> **TASK STATEMENT**
Whenever a line below holds the word "unfolding", copy that line.

> **PROVIDED MATERIAL**
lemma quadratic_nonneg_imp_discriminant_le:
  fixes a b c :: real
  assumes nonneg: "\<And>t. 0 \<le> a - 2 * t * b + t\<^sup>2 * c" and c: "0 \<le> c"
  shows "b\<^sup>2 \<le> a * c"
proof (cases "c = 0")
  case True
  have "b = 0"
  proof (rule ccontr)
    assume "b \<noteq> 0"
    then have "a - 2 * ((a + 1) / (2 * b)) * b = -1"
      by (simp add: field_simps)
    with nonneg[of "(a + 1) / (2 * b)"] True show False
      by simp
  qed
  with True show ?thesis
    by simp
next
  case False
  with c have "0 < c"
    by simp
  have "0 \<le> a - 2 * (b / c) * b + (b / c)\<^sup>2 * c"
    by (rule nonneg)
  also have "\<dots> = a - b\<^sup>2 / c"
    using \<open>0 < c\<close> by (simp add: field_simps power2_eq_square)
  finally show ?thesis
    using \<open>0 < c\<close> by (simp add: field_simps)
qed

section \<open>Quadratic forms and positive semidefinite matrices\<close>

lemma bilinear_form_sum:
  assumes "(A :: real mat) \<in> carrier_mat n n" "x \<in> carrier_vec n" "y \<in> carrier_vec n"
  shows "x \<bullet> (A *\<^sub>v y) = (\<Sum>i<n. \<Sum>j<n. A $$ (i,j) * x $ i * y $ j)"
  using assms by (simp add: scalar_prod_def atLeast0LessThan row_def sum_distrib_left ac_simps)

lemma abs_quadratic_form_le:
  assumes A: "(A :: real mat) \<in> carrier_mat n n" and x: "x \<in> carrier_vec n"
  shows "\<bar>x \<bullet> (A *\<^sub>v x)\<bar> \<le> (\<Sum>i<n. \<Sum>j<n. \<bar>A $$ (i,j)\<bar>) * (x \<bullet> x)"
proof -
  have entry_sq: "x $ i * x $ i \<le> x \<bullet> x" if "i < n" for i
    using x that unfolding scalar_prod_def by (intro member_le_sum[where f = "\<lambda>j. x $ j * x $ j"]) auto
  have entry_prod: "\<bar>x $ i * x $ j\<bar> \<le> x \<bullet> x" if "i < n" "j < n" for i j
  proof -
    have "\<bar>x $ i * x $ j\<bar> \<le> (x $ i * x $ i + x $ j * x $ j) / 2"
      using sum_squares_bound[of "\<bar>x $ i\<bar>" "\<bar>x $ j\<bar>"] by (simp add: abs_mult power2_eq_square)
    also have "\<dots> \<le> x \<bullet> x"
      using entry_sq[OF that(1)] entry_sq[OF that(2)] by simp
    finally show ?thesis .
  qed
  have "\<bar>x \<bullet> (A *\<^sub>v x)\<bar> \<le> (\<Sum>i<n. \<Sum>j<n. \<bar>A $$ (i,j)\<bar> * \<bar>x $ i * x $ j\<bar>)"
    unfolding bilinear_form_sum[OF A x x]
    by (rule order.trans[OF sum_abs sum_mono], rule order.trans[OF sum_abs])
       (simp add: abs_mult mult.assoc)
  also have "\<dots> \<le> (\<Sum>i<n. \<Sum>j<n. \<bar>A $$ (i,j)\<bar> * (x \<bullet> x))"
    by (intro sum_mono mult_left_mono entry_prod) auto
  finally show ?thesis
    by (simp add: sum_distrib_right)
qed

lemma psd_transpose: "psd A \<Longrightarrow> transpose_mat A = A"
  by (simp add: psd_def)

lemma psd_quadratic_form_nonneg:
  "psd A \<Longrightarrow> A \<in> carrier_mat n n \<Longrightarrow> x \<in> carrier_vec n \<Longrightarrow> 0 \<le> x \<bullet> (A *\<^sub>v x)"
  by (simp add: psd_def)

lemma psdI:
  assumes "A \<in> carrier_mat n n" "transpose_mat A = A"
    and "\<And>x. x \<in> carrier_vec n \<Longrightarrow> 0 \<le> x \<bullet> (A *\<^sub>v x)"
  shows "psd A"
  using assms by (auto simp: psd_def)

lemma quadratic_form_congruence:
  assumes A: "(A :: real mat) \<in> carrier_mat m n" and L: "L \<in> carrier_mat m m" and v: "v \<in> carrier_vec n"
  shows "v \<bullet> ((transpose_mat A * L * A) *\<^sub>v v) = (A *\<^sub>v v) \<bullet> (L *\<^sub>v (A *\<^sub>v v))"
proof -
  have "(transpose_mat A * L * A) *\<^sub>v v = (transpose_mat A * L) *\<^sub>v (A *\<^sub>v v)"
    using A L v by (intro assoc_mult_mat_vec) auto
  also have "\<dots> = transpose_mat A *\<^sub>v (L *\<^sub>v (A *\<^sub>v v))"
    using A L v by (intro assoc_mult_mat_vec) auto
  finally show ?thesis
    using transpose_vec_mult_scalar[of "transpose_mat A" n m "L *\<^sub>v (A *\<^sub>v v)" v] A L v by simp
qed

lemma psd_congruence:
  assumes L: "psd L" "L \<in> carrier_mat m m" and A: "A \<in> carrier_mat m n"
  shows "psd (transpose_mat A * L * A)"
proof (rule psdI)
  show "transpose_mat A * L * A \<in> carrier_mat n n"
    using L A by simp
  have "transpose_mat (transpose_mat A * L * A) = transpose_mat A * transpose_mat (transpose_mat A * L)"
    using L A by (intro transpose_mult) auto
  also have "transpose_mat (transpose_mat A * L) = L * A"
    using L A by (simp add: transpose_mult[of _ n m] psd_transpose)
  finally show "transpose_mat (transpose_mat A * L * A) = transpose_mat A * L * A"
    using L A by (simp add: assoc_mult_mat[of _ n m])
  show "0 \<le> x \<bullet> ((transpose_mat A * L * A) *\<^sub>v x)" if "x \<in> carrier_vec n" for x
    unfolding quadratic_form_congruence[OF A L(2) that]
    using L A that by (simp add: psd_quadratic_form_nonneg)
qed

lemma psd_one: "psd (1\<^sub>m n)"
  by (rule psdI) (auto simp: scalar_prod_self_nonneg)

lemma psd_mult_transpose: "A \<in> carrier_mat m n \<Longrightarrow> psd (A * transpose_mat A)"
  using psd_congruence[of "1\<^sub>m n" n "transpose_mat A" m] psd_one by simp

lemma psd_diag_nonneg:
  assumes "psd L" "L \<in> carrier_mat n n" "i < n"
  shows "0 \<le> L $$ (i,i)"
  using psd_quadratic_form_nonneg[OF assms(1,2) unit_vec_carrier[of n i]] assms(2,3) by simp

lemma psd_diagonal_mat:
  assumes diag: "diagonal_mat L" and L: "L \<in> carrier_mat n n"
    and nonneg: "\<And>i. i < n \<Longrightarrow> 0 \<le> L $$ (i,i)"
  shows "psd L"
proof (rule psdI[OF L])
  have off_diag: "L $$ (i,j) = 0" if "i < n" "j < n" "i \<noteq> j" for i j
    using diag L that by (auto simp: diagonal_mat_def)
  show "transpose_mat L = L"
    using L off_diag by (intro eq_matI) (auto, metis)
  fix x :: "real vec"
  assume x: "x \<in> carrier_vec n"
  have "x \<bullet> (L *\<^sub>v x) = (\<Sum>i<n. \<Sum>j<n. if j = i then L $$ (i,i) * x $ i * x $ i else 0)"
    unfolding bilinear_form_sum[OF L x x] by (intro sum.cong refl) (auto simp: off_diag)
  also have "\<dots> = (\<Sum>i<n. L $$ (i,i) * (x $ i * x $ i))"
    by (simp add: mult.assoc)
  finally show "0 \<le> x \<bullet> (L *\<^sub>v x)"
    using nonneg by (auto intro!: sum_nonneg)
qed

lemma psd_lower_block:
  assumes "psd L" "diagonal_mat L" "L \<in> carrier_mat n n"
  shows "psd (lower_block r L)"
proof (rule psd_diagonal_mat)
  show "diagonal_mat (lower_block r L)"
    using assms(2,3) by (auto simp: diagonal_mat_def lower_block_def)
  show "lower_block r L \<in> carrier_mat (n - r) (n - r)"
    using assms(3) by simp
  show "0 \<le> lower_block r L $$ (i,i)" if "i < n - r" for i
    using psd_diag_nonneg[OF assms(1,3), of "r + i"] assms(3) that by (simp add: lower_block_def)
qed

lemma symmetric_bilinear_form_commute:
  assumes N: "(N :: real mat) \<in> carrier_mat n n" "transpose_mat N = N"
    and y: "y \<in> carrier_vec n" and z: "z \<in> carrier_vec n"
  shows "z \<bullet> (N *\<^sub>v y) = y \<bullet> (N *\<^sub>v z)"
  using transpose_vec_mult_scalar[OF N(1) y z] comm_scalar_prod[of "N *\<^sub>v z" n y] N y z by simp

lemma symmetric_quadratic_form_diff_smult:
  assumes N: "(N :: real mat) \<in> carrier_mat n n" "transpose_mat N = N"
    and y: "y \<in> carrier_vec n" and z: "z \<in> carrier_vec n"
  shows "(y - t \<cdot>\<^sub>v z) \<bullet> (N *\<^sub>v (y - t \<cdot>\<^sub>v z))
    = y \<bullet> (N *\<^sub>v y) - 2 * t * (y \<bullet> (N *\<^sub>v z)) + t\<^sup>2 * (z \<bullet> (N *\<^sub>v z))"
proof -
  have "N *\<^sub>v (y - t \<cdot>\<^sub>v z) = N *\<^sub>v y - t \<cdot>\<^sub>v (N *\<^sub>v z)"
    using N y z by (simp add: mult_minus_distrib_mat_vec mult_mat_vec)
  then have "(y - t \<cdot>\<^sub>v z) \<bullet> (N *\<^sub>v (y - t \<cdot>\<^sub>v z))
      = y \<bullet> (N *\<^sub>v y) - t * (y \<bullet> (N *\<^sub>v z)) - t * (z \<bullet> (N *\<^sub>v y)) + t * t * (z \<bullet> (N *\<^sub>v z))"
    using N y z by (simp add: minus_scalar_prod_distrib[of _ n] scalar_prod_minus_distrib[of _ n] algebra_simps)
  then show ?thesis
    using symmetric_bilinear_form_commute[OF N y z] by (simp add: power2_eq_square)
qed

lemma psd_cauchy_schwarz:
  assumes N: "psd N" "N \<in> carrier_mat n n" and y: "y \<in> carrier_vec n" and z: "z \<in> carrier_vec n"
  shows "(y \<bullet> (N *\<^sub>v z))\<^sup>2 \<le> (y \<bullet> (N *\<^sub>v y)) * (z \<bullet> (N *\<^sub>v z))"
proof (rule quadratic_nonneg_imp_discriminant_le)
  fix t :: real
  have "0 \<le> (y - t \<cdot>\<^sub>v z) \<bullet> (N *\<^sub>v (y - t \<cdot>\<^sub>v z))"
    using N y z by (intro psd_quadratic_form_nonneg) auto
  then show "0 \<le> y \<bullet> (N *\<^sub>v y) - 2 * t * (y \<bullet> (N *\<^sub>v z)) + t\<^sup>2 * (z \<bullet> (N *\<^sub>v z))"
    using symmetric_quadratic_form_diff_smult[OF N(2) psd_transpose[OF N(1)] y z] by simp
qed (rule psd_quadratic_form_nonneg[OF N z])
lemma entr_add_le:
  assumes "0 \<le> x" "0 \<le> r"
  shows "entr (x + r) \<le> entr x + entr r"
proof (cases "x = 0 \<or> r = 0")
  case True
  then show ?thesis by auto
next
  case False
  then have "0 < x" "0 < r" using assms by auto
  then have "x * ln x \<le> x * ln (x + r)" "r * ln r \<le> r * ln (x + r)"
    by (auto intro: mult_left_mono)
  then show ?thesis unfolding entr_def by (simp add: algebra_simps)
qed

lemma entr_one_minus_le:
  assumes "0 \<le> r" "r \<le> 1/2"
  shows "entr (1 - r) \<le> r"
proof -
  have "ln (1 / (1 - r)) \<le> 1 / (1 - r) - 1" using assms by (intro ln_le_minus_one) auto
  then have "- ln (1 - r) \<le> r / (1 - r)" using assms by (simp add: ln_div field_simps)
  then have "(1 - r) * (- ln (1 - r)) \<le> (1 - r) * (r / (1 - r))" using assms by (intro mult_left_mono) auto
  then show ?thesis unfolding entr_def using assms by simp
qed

* * *

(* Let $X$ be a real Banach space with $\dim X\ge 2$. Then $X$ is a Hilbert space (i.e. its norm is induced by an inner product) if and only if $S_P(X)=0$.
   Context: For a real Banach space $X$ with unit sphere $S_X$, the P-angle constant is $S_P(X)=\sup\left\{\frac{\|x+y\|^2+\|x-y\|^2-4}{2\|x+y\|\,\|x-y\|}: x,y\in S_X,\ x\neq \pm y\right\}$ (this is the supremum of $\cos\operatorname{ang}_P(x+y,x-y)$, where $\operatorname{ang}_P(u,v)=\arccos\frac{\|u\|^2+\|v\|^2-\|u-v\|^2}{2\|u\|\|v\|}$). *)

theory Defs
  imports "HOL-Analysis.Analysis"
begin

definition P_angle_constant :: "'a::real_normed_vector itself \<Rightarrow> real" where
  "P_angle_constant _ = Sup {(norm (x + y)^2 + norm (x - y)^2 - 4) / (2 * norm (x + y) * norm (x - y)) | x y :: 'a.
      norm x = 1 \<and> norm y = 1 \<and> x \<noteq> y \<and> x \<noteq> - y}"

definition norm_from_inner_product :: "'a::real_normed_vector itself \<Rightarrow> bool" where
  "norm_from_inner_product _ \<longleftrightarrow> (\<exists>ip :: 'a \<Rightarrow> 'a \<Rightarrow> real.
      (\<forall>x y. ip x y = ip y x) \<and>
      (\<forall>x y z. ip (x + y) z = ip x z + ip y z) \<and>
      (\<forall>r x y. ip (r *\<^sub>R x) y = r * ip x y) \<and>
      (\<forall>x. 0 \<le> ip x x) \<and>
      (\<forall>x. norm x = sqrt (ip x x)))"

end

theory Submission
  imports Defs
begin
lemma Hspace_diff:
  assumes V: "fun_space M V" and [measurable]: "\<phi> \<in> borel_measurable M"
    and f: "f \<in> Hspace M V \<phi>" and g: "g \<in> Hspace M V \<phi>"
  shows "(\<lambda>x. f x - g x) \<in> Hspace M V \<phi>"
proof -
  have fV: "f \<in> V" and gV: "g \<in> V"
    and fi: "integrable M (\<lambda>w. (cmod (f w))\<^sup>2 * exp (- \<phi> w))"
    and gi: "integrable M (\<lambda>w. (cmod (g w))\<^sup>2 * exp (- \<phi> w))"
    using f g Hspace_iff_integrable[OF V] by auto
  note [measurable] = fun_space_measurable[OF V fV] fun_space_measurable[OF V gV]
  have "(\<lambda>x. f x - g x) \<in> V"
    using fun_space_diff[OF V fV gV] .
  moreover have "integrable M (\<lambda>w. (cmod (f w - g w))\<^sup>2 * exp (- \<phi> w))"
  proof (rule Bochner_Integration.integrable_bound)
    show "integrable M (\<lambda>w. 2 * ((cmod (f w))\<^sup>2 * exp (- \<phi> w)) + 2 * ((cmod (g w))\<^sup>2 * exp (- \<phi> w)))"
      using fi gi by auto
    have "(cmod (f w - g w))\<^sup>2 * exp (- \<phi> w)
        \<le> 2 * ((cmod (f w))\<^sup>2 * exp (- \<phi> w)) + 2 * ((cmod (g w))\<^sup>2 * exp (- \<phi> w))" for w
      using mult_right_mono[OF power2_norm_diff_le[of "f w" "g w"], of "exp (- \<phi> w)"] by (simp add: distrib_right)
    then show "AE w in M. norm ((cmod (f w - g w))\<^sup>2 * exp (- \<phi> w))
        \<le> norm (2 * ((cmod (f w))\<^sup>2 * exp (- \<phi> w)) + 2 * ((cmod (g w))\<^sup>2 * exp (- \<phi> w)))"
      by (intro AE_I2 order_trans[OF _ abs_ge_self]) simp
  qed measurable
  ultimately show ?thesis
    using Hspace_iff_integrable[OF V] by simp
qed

> **SOLUTION**
    using x that unfolding scalar_prod_def by (intro member_le_sum[where f = "\<lambda>j. x $ j * x $ j"]) auto
    unfolding bilinear_form_sum[OF A x x]
    unfolding quadratic_form_congruence[OF A L(2) that]
    unfolding bilinear_form_sum[OF L x x] by (intro sum.cong refl) (auto simp: off_diag)
  then show ?thesis unfolding entr_def by (simp add: algebra_simps)
  then show ?thesis unfolding entr_def using assms by simp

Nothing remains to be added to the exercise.